Task requirements:
Copy, from the entries below, each line where the word "bracketed" can be found.

Data for review:
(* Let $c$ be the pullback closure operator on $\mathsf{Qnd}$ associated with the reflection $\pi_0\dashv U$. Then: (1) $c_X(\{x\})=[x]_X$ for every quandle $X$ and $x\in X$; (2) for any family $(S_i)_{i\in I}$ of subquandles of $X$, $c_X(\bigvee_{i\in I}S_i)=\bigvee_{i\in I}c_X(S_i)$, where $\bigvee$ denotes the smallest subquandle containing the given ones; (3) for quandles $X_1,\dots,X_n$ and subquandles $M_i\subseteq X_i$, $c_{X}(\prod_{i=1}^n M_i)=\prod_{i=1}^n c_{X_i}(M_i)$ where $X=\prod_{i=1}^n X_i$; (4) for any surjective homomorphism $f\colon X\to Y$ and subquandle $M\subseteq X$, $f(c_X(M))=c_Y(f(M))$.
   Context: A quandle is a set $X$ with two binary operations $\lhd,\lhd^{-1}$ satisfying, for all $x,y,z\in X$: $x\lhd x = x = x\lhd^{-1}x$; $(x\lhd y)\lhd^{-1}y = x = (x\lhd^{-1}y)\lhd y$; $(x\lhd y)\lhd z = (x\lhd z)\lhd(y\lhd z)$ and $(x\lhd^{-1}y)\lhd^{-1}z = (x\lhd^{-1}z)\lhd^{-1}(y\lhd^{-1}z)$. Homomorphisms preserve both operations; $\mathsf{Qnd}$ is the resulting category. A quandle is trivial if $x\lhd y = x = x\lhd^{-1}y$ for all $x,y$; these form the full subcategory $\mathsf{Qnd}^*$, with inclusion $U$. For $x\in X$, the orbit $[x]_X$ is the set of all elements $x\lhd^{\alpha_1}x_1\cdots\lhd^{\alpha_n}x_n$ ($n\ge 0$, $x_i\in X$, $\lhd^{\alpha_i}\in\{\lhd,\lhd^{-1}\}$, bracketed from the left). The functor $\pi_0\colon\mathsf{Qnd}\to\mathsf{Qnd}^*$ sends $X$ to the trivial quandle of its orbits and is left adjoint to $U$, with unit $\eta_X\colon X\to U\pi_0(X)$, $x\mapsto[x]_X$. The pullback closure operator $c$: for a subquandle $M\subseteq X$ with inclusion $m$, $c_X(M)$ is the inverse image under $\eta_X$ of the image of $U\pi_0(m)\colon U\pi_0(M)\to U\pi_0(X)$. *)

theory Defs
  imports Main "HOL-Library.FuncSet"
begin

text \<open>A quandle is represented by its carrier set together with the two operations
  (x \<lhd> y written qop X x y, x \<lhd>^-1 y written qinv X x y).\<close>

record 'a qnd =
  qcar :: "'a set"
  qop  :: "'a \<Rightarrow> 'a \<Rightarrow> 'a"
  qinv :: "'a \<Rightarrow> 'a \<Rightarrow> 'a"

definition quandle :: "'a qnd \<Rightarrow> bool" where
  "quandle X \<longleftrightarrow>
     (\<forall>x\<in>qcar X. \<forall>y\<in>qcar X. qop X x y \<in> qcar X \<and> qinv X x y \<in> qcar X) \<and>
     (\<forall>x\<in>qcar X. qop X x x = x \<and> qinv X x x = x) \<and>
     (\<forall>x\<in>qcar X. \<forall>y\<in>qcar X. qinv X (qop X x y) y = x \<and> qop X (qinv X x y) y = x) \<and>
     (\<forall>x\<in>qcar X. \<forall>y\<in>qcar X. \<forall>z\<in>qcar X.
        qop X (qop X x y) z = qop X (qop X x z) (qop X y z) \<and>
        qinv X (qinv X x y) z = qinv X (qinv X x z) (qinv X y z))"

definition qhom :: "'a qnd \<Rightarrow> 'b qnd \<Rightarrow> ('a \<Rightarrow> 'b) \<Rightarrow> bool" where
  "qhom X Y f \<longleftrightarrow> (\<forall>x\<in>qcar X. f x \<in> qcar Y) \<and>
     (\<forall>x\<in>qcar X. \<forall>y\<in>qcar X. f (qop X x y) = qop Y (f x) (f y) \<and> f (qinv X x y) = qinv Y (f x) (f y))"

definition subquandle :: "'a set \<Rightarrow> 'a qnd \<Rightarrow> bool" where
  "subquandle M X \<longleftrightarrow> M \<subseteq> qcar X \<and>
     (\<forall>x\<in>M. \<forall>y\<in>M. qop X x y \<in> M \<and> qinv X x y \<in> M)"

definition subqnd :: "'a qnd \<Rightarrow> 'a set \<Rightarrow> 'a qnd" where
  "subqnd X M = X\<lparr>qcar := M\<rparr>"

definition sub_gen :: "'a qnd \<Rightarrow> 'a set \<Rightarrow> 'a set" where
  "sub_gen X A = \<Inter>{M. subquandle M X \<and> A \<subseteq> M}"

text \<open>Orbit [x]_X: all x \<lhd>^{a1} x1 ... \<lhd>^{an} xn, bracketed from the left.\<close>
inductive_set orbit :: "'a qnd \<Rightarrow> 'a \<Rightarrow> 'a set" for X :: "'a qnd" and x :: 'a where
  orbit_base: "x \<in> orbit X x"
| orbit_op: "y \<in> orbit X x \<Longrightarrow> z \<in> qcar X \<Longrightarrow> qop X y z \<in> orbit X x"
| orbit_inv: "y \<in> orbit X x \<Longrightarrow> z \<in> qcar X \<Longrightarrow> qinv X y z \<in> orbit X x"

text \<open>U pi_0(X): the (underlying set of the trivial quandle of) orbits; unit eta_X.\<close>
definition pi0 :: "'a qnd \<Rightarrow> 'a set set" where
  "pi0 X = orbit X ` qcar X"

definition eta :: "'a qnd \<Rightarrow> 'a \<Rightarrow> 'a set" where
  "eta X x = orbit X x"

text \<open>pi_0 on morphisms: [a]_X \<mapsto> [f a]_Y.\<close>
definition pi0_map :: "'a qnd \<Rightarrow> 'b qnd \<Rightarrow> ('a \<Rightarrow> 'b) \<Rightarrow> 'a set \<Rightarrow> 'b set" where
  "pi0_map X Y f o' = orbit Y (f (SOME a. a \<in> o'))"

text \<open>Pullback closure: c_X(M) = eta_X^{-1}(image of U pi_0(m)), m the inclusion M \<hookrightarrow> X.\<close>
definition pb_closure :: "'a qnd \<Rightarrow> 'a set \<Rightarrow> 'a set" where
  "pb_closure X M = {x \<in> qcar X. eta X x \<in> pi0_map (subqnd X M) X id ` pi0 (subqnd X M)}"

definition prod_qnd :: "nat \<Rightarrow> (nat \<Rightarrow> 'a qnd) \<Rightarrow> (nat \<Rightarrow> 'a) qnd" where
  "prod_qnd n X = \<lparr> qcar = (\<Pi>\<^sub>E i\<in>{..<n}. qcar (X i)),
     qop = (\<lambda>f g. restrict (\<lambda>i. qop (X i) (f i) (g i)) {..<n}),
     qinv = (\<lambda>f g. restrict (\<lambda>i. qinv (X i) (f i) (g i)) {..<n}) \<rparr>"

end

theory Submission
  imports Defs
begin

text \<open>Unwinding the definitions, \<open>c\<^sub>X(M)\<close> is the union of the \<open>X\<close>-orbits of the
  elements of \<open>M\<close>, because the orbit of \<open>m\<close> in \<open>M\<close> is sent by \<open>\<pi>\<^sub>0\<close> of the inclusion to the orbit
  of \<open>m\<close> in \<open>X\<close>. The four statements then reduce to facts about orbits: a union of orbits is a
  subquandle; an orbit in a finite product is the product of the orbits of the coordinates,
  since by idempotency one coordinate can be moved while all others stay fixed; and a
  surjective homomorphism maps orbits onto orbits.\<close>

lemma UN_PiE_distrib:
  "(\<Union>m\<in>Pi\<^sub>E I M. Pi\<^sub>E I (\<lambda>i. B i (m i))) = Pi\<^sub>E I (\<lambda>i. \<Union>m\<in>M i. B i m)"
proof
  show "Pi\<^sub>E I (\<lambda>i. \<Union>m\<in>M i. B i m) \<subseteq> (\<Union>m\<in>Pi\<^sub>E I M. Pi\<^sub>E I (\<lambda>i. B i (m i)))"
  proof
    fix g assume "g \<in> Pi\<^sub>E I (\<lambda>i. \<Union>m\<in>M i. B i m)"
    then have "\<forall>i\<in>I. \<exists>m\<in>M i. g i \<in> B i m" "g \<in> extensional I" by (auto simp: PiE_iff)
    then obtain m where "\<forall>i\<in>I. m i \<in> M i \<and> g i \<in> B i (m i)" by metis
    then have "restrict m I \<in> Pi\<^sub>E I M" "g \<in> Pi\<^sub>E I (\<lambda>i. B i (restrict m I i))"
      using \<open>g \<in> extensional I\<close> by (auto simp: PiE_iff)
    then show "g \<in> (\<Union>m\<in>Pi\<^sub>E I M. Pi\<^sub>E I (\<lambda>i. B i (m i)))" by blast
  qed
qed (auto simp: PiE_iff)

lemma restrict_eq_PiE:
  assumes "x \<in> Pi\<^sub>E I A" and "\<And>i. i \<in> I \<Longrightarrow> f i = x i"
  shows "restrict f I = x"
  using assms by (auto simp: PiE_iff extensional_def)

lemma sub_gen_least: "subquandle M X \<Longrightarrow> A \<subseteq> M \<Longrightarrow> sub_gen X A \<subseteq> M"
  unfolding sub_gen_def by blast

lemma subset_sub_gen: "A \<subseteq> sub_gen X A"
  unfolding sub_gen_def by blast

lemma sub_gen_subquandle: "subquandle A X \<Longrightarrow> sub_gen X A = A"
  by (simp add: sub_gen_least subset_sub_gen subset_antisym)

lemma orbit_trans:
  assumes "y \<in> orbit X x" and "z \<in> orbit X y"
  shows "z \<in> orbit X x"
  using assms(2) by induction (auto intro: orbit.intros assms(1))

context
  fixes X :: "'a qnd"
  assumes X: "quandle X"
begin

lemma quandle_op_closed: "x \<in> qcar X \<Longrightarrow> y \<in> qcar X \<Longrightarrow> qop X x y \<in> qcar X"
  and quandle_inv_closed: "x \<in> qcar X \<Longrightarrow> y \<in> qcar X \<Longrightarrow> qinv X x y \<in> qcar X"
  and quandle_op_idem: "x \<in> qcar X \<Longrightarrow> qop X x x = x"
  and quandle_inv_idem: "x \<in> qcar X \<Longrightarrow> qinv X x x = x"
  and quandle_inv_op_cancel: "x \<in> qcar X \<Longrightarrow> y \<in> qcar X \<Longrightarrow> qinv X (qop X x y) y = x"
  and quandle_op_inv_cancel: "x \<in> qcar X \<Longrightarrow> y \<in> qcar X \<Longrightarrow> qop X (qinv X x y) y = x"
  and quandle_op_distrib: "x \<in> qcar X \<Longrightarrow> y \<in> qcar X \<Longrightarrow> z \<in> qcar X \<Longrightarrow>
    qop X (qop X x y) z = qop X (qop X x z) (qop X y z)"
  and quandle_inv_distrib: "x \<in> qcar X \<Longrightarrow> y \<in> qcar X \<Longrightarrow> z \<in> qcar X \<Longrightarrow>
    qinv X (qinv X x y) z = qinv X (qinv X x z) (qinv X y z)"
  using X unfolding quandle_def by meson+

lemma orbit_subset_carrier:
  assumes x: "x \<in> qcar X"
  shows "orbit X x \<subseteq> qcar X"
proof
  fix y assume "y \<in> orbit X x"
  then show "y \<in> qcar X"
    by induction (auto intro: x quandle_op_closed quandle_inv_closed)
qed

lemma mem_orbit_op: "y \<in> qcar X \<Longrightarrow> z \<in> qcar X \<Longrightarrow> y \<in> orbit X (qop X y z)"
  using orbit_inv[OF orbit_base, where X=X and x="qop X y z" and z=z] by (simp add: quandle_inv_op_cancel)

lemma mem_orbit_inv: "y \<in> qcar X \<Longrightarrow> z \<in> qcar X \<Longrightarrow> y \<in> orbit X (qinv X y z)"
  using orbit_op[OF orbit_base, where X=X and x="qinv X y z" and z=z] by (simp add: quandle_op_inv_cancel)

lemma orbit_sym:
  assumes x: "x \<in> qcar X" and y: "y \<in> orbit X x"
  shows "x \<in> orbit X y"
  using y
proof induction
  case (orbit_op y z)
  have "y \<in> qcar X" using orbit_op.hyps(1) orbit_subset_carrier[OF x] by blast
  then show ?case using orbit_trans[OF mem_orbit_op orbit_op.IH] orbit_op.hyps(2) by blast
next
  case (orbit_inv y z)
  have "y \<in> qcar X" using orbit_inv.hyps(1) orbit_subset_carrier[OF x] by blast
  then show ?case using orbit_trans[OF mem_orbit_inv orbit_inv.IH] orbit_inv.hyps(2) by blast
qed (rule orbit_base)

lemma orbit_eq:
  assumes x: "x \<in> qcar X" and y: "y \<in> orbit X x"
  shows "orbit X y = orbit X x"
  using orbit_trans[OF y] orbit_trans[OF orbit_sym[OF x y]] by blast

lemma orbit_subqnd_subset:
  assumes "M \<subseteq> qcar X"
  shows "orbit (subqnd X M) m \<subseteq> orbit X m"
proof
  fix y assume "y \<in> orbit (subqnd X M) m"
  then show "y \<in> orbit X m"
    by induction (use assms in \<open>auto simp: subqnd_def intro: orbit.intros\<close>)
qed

* * *

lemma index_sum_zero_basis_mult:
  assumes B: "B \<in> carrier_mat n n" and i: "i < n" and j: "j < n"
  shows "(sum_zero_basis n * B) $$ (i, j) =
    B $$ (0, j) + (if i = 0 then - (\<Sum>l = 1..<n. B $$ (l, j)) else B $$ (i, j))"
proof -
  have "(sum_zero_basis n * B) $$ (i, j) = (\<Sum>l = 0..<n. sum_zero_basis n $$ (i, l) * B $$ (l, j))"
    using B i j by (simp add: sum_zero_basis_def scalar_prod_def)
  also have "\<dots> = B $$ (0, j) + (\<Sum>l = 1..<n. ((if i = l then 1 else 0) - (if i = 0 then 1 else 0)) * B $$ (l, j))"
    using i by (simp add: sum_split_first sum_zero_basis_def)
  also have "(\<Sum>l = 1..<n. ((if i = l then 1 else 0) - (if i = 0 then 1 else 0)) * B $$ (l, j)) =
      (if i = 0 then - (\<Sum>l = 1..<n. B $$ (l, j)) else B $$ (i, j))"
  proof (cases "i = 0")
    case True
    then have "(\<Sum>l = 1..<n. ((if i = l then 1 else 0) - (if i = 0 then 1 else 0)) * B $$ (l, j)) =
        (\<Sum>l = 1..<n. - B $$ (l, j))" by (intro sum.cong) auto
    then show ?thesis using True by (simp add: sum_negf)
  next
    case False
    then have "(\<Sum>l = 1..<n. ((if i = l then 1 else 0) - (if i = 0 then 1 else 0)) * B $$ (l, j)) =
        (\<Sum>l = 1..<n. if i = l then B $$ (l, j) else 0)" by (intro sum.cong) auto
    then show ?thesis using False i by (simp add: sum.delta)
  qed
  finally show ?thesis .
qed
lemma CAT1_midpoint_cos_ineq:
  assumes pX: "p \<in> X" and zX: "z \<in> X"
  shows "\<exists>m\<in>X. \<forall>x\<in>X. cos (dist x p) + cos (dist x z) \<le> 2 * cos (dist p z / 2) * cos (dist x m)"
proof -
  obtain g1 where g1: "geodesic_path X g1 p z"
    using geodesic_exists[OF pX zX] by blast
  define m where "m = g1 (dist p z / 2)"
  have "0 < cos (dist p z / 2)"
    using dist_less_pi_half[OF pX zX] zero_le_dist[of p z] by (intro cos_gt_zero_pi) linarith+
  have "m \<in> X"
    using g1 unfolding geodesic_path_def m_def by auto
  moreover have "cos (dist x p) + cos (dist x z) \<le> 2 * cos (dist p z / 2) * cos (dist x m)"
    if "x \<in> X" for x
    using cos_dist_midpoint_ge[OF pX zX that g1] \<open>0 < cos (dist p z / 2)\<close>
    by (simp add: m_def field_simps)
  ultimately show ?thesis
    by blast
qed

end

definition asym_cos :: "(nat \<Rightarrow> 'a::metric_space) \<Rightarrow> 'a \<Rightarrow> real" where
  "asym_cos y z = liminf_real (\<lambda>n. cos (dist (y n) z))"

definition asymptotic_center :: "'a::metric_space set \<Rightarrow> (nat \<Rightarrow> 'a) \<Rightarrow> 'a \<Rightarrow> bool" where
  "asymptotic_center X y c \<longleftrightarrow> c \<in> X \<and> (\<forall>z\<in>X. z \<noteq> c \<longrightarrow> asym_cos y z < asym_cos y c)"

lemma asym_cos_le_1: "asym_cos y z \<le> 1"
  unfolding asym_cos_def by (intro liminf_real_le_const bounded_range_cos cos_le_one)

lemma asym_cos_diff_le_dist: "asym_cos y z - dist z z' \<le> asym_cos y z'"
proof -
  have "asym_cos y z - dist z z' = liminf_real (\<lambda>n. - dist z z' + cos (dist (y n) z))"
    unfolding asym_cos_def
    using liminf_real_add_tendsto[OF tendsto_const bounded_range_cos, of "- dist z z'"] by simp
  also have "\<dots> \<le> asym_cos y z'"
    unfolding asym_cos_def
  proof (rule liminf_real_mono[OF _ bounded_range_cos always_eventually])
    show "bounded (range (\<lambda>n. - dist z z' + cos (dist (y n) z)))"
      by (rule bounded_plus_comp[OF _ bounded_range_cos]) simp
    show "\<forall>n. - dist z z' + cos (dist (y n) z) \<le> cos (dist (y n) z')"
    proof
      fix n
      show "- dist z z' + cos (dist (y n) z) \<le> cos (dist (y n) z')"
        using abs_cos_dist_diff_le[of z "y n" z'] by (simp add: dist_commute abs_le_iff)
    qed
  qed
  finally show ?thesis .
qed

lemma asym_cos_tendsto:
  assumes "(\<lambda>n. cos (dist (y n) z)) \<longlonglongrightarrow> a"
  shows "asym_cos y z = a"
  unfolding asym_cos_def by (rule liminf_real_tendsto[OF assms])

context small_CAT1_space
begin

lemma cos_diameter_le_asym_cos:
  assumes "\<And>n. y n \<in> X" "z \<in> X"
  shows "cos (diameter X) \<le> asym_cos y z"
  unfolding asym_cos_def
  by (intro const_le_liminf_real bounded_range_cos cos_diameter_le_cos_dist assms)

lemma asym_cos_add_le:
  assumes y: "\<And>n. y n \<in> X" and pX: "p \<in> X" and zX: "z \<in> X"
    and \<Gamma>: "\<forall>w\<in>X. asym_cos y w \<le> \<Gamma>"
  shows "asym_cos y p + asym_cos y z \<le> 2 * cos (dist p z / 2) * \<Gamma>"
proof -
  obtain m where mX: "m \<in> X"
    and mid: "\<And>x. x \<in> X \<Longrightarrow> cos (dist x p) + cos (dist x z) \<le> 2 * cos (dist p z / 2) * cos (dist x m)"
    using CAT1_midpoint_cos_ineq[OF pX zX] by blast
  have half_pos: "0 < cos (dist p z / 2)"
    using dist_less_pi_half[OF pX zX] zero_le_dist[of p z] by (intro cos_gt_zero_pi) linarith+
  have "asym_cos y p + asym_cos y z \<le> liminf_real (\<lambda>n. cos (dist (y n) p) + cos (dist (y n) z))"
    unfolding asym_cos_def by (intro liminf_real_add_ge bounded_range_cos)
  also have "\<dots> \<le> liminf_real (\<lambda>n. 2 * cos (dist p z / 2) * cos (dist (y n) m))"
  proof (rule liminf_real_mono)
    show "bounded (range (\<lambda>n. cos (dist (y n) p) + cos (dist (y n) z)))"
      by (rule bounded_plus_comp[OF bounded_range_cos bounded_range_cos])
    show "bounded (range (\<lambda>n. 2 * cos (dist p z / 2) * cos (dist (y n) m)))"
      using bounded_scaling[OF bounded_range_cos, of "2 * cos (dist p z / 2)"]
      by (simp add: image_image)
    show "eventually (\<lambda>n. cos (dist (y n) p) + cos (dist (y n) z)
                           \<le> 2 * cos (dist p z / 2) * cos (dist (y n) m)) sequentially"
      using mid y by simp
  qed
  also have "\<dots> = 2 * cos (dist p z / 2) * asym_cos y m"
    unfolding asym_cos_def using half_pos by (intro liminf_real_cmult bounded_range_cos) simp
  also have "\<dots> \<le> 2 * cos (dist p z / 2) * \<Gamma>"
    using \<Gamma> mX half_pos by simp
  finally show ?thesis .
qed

Output for this exercise:
   Context: A quandle is a set $X$ with two binary operations $\lhd,\lhd^{-1}$ satisfying, for all $x,y,z\in X$: $x\lhd x = x = x\lhd^{-1}x$; $(x\lhd y)\lhd^{-1}y = x = (x\lhd^{-1}y)\lhd y$; $(x\lhd y)\lhd z = (x\lhd z)\lhd(y\lhd z)$ and $(x\lhd^{-1}y)\lhd^{-1}z = (x\lhd^{-1}z)\lhd^{-1}(y\lhd^{-1}z)$. Homomorphisms preserve both operations; $\mathsf{Qnd}$ is the resulting category. A quandle is trivial if $x\lhd y = x = x\lhd^{-1}y$ for all $x,y$; these form the full subcategory $\mathsf{Qnd}^*$, with inclusion $U$. For $x\in X$, the orbit $[x]_X$ is the set of all elements $x\lhd^{\alpha_1}x_1\cdots\lhd^{\alpha_n}x_n$ ($n\ge 0$, $x_i\in X$, $\lhd^{\alpha_i}\in\{\lhd,\lhd^{-1}\}$, bracketed from the left). The functor $\pi_0\colon\mathsf{Qnd}\to\mathsf{Qnd}^*$ sends $X$ to the trivial quandle of its orbits and is left adjoint to $U$, with unit $\eta_X\colon X\to U\pi_0(X)$, $x\mapsto[x]_X$. The pullback closure operator $c$: for a subquandle $M\subseteq X$ with inclusion $m$, $c_X(M)$ is the inverse image under $\eta_X$ of the image of $U\pi_0(m)\colon U\pi_0(M)\to U\pi_0(X)$. *)
text \<open>Orbit [x]_X: all x \<lhd>^{a1} x1 ... \<lhd>^{an} xn, bracketed from the left.\<close>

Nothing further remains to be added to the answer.